--- INFORMATION SUPPLIED ---
(* Let $n>r$ and let $1_r:=1_{(1,\dots,1,0,\dots,0)}$ ($r$ ones followed by $n-r$ zeros). Let $A$ be a $\mathbb{Q}(q)$-algebra and $f\colon\hat S(n,r)\to A$ a surjective $\mathbb{Q}(q)$-algebra homomorphism whose restriction to $1_r\hat S(n,r)1_r$ is injective. Then $f$ is an isomorphism of $\mathbb{Q}(q)$-algebras $\hat S(n,r)\cong A$.
   Context: Fix integers $n\ge3$, $r\ge3$; indices are read modulo $n$. $\hat U=\hat{\mathbf U}_q(\hat{\mathfrak{gl}}_n)$ is the associative unital $\mathbb{Q}(q)$-algebra generated by $R^{\pm1}$, $K_i^{\pm1}$, $E_i$, $E_{-i}$ ($1\le i\le n$) subject to: the $K_i^{\pm1}$ pairwise commute and $K_iK_i^{-1}=K_i^{-1}K_i=1$; $E_iE_{-j}-E_{-j}E_i=\delta_{ij}\frac{K_iK_{i+1}^{-1}-K_i^{-1}K_{i+1}}{q-q^{-1}}$; $K_iE_{\pm j}=q^{\pm(\delta_{i,j}-\delta_{i,j+1})}E_{\pm j}K_i$; for $\epsilon,\delta\in\{1,-1\}$, $E_{\epsilon i}^2E_{\epsilon(i+\delta)}-(q+q^{-1})E_{\epsilon i}E_{\epsilon(i+\delta)}E_{\epsilon i}+E_{\epsilon(i+\delta)}E_{\epsilon i}^2=0$; $E_{\epsilon i}E_{\epsilon j}=E_{\epsilon j}E_{\epsilon i}$ if $j\not\equiv i\pm1\pmod n$; $RR^{-1}=R^{-1}R=1$; $RXR^{-1}=X'$ for $(X,X')\in\{(E_i,E_{i+1}),(E_{-i},E_{-(i+1)}),(K_i^{-1},K_{i+1}^{-1})\}$. The coproduct $\Delta$ is the algebra map with $\Delta(E_i)=E_i\otimes K_iK_{i+1}^{-1}+1\otimes E_i$, $\Delta(E_{-i})=K_i^{-1}K_{i+1}\otimes E_{-i}+E_{-i}\otimes1$, $\Delta(K_i^{\pm1})=K_i^{\pm1}\otimes K_i^{\pm1}$, $\Delta(R^{\pm1})=R^{\pm1}\otimes R^{\pm1}$. $V$ is the $\mathbb{Q}(q)$-vector space with basis $\{e_t\}_{t\in\mathbb{Z}}$, a $\hat U$-module via: $E_ie_{t+1}=e_t$ if $i\equiv t\pmod n$ and $0$ otherwise; $E_{-i}e_t=e_{t+1}$ if $i\equiv t\pmod n$ and $0$ otherwise; $K_i^{\pm1}e_t=q^{\pm1}e_t$ if $i\equiv t\pmod n$ and $e_t$ otherwise; $R^{\pm1}e_t=e_{t\pm1}$; $\hat U$ acts on $V^{\otimes r}$ via the iterated coproduct, giving $\psi_{n,r}\colon\hat U\to\mathrm{End}_{\mathbb{Q}(q)}(V^{\otimes r})$. The affine $q$-Schur algebra is $\hat S(n,r):=\psi_{n,r}(\hat U)$ (by affine Schur–Weyl duality this equals the centralizer of the natural right action of the extended affine Hecke algebra of type $\hat A_{r-1}$ on $V^{\otimes r}$). $\Lambda(n,r)=\{\lambda\in\mathbb{N}^n:\sum_i\lambda_i=r\}$; for $\lambda\in\Lambda(n,r)$, $1_\lambda\in\hat S(n,r)$ is the projection of $V^{\otimes r}$ onto the span of those $e_{t_1}\otimes\cdots\otimes e_{t_r}$ with $\#\{j: t_j\equiv i\pmod n\}=\lambda_i$ for all $i$. *)

theory Defs
  imports "HOL-Computational_Algebra.Polynomial" "HOL-Computational_Algebra.Fraction_Field"
begin

type_synonym K = "rat poly fract"

definition qq :: K where "qq = Fract [:0, 1:] 1"

text \<open>A vector of V^{\<otimes> r} is a finitely supported coefficient function on basis tuples
  e_{t_1} \<otimes> ... \<otimes> e_{t_r}, a tuple being an int list of length r.  Operators are maps
  on such coefficient functions; they are all taken to be 0 outside the space V^{\<otimes> r}.\<close>

type_synonym vec = "int list \<Rightarrow> K"
type_synonym op = "vec \<Rightarrow> vec"

definition tvecs :: "nat \<Rightarrow> vec set" where
  "tvecs r = {v. finite {t. v t \<noteq> 0} \<and> (\<forall>t. v t \<noteq> 0 \<longrightarrow> length t = r)}"

text \<open>Linear operator with matrix M: M s t is the coefficient of e_s in the image of e_t.\<close>
definition mat_op :: "nat \<Rightarrow> (int list \<Rightarrow> int list \<Rightarrow> K) \<Rightarrow> op" where
  "mat_op r M v = (if v \<in> tvecs r
      then (\<lambda>s. if length s = r then (\<Sum>t\<in>{t. v t \<noteq> 0}. M s t * v t) else 0)
      else (\<lambda>_. 0))"

definition cng :: "nat \<Rightarrow> int \<Rightarrow> int \<Rightarrow> bool" where
  "cng n a b \<longleftrightarrow> a mod int n = b mod int n"

definition sId :: "int \<Rightarrow> int \<Rightarrow> K" where
  "sId s t = (if s = t then 1 else 0)"

text \<open>E_i e_{t+1} = e_t if i \<equiv> t (mod n)\<close>
definition sE :: "nat \<Rightarrow> int \<Rightarrow> int \<Rightarrow> int \<Rightarrow> K" where
  "sE n i s t = (if t = s + 1 \<and> cng n i s then 1 else 0)"

text \<open>E_{-i} e_t = e_{t+1} if i \<equiv> t (mod n)\<close>
definition sF :: "nat \<Rightarrow> int \<Rightarrow> int \<Rightarrow> int \<Rightarrow> K" where
  "sF n i s t = (if s = t + 1 \<and> cng n i t then 1 else 0)"

text \<open>K_i^{e} (e = 1 or -1): e_t \<mapsto> q^e e_t if i \<equiv> t, else e_t\<close>
definition sK :: "nat \<Rightarrow> int \<Rightarrow> int \<Rightarrow> int \<Rightarrow> int \<Rightarrow> K" where
  "sK n i e s t = (if s = t then (if cng n i t then qq powi e else 1) else 0)"

definition sKt :: "nat \<Rightarrow> int \<Rightarrow> int \<Rightarrow> int \<Rightarrow> int \<Rightarrow> K" where
  "sKt n i e s t = sK n i e s t * sK n (i + 1) (- e) s t"

definition sR :: "int \<Rightarrow> int \<Rightarrow> int \<Rightarrow> K" where
  "sR d s t = (if s = t + d then 1 else 0)"

text \<open>Matrix coefficient of a pure tensor X_0 \<otimes> ... \<otimes> X_{r-1} of single-factor operators.\<close>
definition tprod :: "nat \<Rightarrow> (nat \<Rightarrow> int \<Rightarrow> int \<Rightarrow> K) \<Rightarrow> int list \<Rightarrow> int list \<Rightarrow> K" where
  "tprod r F s t = (\<Prod>k<r. F k (s ! k) (t ! k))"

text \<open>Delta^{(r)}(E_i) = \<Sum>_j 1^{\<otimes> j} \<otimes> E_i \<otimes> (K_i K_{i+1}^{-1})^{\<otimes>(r-1-j)}\<close>
definition psiE :: "nat \<Rightarrow> nat \<Rightarrow> int \<Rightarrow> op" where
  "psiE n r i = mat_op r (\<lambda>s t. \<Sum>j<r. tprod r
      (\<lambda>k. if k < j then sId else if k = j then sE n i else sKt n i 1) s t)"

text \<open>Delta^{(r)}(E_{-i}) = \<Sum>_j (K_i^{-1} K_{i+1})^{\<otimes> j} \<otimes> E_{-i} \<otimes> 1^{\<otimes>(r-1-j)}\<close>
definition psiF :: "nat \<Rightarrow> nat \<Rightarrow> int \<Rightarrow> op" where
  "psiF n r i = mat_op r (\<lambda>s t. \<Sum>j<r. tprod r
      (\<lambda>k. if k < j then sKt n i (-1) else if k = j then sF n i else sId) s t)"

definition psiK :: "nat \<Rightarrow> nat \<Rightarrow> int \<Rightarrow> int \<Rightarrow> op" where
  "psiK n r i e = mat_op r (tprod r (\<lambda>k. sK n i e))"

definition psiR :: "nat \<Rightarrow> int \<Rightarrow> op" where
  "psiR r d = mat_op r (tprod r (\<lambda>k. sR d))"

definition psiId :: "nat \<Rightarrow> op" where
  "psiId r = mat_op r (tprod r (\<lambda>k. sId))"

definition gens :: "nat \<Rightarrow> nat \<Rightarrow> op set" where
  "gens n r =
     {psiE n r i | i. i \<in> {1..int n}} \<union> {psiF n r i | i. i \<in> {1..int n}}
   \<union> {psiK n r i e | i e. i \<in> {1..int n} \<and> e \<in> {1, -1}}
   \<union> {psiR r d | d. d \<in> {1, -1}}"

inductive_set affSchur :: "nat \<Rightarrow> nat \<Rightarrow> op set" for n r where
  gen: "X \<in> gens n r \<Longrightarrow> X \<in> affSchur n r"
| one: "psiId r \<in> affSchur n r"
| add: "X \<in> affSchur n r \<Longrightarrow> Y \<in> affSchur n r \<Longrightarrow> (\<lambda>v s. X v s + Y v s) \<in> affSchur n r"
| smult: "X \<in> affSchur n r \<Longrightarrow> (\<lambda>v s. c * X v s) \<in> affSchur n r"
| mult: "X \<in> affSchur n r \<Longrightarrow> Y \<in> affSchur n r \<Longrightarrow> X \<circ> Y \<in> affSchur n r"

text \<open>1_lambda for lambda \<in> Lambda(n,r) (lambda given as a function on residues 1..n)\<close>
definition wtproj :: "nat \<Rightarrow> nat \<Rightarrow> (int \<Rightarrow> nat) \<Rightarrow> op" where
  "wtproj n r lam = mat_op r (\<lambda>s t. if s = t \<and>
      (\<forall>i\<in>{1..int n}. card {j. j < r \<and> cng n (t ! j) i} = lam i) then 1 else 0)"

definition one_r :: "nat \<Rightarrow> nat \<Rightarrow> op" where
  "one_r n r = wtproj n r (\<lambda>i. if i \<le> int r then 1 else 0)"

definition qalg :: "(K \<Rightarrow> 'a::ring_1 \<Rightarrow> 'a) \<Rightarrow> bool" where
  "qalg sA \<longleftrightarrow>
     (\<forall>c x y. sA c (x + y) = sA c x + sA c y) \<and>
     (\<forall>c d x. sA (c + d) x = sA c x + sA d x) \<and>
     (\<forall>c d x. sA (c * d) x = sA c (sA d x)) \<and>
     (\<forall>x. sA 1 x = x) \<and>
     (\<forall>c x y. sA c (x * y) = sA c x * y) \<and>
     (\<forall>c x y. sA c (x * y) = x * sA c y)"

definition qalg_hom_on :: "op set \<Rightarrow> (K \<Rightarrow> 'a::ring_1 \<Rightarrow> 'a) \<Rightarrow> (op \<Rightarrow> 'a) \<Rightarrow> bool" where
  "qalg_hom_on S sA f \<longleftrightarrow>
     (\<forall>X\<in>S. \<forall>Y\<in>S. f (\<lambda>v s. X v s + Y v s) = f X + f Y) \<and>
     (\<forall>X\<in>S. \<forall>Y\<in>S. f (X \<circ> Y) = f X * f Y) \<and>
     (\<forall>c. \<forall>X\<in>S. f (\<lambda>v s. c * X v s) = sA c (f X))"

end

theory Submission
  imports Defs
begin

(*
  Every element of the affine q-Schur algebra S = S(n,r) acts on V^{\<otimes>r} by a banded matrix, and
  S is closed under transposition, because the transpose of E_i is q K_i K_{i+1}^{-1} F_i and the
  transpose of F_i is q K_i^{-1} K_{i+1} E_i.  Lagrange interpolation in the eigenvalues q^m of the
  K_i shows 1_r \<in> S.  Since n > r, every basis vector e_t is a nonzero multiple of X e_u for some
  X \<in> S and some e_u with 1_r e_u = e_u: single tensor factors whose residue is not shared are moved
  by E_i or F_i, and a free residue always exists.  So if D \<in> S has a nonzero entry D_{s,t}, there
  are Y, Z \<in> S such that 1_r Y D Z 1_r has a nonzero entry.  If f D = 0, then f also kills this
  element of 1_r S 1_r, which therefore vanishes by injectivity; hence f is injective on S.
*)

section \<open>Banded matrices\<close>

type_synonym mat = "int list \<Rightarrow> int list \<Rightarrow> K"

definition supp :: "vec \<Rightarrow> int list set" where
  "supp v = {t. v t \<noteq> 0}"

definition banded_by :: "nat \<Rightarrow> int \<Rightarrow> mat \<Rightarrow> bool" where
  "banded_by r B M \<longleftrightarrow>
     (\<forall>s t. length s = r \<longrightarrow> length t = r \<longrightarrow> M s t \<noteq> 0 \<longrightarrow> (\<forall>k<r. \<bar>s!k - t!k\<bar> \<le> B))"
---
TASK PROMPT. All lines in the data above from the one with "X v s) \<in>" through the one with "text \<open>1_lambda for" must be repeated exactly, and no others.

RESPONSE TO THIS EXERCISE.
| smult: "X \<in> affSchur n r \<Longrightarrow> (\<lambda>v s. c * X v s) \<in> affSchur n r"
| mult: "X \<in> affSchur n r \<Longrightarrow> Y \<in> affSchur n r \<Longrightarrow> X \<circ> Y \<in> affSchur n r"

text \<open>1_lambda for lambda \<in> Lambda(n,r) (lambda given as a function on residues 1..n)\<close>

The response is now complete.